Provided data ::
▬▬▬
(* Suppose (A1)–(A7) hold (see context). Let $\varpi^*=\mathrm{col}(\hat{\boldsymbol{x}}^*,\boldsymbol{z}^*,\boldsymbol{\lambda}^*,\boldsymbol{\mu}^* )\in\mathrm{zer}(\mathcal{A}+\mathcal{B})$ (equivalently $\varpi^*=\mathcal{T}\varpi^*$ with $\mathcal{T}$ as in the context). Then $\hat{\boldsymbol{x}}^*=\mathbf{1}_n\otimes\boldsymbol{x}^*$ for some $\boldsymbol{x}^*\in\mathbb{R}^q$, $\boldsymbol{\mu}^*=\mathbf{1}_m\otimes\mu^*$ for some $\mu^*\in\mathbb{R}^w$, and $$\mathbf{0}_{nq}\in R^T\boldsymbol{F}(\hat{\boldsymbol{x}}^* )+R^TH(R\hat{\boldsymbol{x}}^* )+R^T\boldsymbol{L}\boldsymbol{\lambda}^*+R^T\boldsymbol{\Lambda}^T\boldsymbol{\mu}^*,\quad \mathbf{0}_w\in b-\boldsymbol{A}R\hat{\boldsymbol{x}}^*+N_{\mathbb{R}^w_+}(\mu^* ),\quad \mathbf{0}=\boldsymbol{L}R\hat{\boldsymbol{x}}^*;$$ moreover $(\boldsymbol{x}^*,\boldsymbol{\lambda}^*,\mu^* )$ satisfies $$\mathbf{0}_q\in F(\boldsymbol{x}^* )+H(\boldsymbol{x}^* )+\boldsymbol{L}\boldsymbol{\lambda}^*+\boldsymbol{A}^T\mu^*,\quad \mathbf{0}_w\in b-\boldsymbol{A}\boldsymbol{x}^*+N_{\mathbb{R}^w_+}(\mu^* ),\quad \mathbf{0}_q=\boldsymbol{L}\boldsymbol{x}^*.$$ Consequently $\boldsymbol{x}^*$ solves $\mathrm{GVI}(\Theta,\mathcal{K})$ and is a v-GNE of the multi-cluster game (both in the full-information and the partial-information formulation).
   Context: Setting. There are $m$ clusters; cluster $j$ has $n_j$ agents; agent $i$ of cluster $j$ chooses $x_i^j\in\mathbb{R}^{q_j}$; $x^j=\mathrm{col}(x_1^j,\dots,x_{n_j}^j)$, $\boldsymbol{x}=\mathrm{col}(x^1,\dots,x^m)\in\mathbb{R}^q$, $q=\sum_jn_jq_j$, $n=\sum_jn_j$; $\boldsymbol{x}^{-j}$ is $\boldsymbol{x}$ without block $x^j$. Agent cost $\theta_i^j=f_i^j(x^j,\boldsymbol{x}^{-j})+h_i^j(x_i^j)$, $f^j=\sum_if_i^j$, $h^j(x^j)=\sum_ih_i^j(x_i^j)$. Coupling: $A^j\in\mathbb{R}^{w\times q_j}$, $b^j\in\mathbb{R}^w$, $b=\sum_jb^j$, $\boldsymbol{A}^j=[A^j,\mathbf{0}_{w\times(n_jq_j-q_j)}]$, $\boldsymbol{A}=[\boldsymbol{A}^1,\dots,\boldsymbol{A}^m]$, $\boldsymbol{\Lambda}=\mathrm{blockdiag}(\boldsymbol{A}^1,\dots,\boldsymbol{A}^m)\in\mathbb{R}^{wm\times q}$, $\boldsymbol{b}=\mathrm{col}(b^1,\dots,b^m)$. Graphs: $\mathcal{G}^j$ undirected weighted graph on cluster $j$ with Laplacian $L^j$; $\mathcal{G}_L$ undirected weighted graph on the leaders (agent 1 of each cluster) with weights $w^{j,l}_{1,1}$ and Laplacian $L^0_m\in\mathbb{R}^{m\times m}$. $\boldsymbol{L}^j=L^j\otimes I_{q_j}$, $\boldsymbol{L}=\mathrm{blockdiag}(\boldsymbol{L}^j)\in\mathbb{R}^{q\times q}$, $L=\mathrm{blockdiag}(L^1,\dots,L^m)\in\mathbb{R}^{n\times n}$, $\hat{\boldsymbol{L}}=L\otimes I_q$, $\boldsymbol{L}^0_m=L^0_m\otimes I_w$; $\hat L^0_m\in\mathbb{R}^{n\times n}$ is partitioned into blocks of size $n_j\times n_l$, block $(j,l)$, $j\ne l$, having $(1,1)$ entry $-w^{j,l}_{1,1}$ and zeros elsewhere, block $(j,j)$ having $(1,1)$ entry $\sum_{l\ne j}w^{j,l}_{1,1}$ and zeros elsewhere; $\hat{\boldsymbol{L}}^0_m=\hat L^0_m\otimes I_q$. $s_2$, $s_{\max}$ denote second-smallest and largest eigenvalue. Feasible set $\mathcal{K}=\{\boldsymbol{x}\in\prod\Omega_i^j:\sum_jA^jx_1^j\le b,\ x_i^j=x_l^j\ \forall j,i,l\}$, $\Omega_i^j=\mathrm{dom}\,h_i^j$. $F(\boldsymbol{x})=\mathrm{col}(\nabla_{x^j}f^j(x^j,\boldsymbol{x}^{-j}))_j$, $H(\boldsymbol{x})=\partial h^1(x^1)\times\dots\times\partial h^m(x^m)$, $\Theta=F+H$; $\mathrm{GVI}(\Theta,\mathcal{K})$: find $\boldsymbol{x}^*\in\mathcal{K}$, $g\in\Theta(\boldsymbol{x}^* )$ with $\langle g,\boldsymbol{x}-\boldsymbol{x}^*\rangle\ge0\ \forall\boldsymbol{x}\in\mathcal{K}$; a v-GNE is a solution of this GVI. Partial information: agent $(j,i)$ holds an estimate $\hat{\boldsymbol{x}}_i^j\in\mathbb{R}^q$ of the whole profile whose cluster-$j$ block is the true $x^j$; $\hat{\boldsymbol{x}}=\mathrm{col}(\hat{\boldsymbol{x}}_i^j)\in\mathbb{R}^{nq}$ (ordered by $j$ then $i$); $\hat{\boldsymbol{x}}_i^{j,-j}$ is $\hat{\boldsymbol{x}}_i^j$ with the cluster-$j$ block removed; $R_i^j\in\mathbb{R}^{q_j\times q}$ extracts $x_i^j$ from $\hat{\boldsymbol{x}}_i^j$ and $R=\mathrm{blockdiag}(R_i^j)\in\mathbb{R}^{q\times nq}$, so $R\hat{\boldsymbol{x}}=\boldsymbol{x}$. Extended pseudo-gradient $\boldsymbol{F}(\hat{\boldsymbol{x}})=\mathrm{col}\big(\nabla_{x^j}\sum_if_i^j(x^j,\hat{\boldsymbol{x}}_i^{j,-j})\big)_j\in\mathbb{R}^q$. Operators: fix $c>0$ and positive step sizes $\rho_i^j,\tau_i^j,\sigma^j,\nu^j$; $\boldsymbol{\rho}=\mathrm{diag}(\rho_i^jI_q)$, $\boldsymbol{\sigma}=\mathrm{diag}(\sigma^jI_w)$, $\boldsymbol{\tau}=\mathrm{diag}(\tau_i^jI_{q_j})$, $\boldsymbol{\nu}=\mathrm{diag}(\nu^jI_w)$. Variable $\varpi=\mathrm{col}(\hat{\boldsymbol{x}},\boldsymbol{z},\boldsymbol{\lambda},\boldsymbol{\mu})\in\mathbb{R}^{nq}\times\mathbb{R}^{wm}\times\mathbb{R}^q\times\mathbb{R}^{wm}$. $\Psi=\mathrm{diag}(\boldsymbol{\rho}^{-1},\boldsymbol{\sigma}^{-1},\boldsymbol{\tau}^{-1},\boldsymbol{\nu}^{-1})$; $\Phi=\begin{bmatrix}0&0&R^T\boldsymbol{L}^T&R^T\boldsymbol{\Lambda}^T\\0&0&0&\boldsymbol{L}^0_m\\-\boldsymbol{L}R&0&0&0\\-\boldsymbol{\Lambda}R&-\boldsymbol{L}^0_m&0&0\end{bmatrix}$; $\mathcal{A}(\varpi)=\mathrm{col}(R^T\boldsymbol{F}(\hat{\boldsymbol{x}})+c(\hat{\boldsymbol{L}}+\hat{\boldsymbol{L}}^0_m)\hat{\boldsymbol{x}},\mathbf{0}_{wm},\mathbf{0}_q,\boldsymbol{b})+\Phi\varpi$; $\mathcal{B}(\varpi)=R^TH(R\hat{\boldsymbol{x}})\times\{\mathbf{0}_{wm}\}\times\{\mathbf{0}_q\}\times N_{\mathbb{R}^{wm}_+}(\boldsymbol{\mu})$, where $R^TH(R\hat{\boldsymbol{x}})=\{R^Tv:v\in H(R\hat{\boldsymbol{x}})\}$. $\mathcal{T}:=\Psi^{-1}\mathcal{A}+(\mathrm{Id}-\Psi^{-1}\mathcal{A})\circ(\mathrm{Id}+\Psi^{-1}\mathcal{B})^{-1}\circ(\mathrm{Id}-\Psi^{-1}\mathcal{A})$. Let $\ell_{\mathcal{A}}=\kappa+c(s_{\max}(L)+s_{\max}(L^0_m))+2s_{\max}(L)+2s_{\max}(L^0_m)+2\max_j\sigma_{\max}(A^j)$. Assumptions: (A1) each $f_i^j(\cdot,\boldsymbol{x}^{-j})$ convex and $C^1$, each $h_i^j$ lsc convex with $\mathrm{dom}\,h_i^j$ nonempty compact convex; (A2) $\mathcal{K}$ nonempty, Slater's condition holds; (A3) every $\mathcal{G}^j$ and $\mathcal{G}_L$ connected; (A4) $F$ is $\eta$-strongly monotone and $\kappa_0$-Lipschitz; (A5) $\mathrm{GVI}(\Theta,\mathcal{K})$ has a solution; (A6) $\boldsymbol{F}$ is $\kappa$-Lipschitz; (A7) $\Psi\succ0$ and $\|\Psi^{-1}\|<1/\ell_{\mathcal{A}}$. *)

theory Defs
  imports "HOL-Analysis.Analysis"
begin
▬▬▬
Assigned task :: Beginning at the line containing "theory Defs", output exactly each line up to and including the last line of the material above.

Solution ::
theory Defs
  imports "HOL-Analysis.Analysis"
begin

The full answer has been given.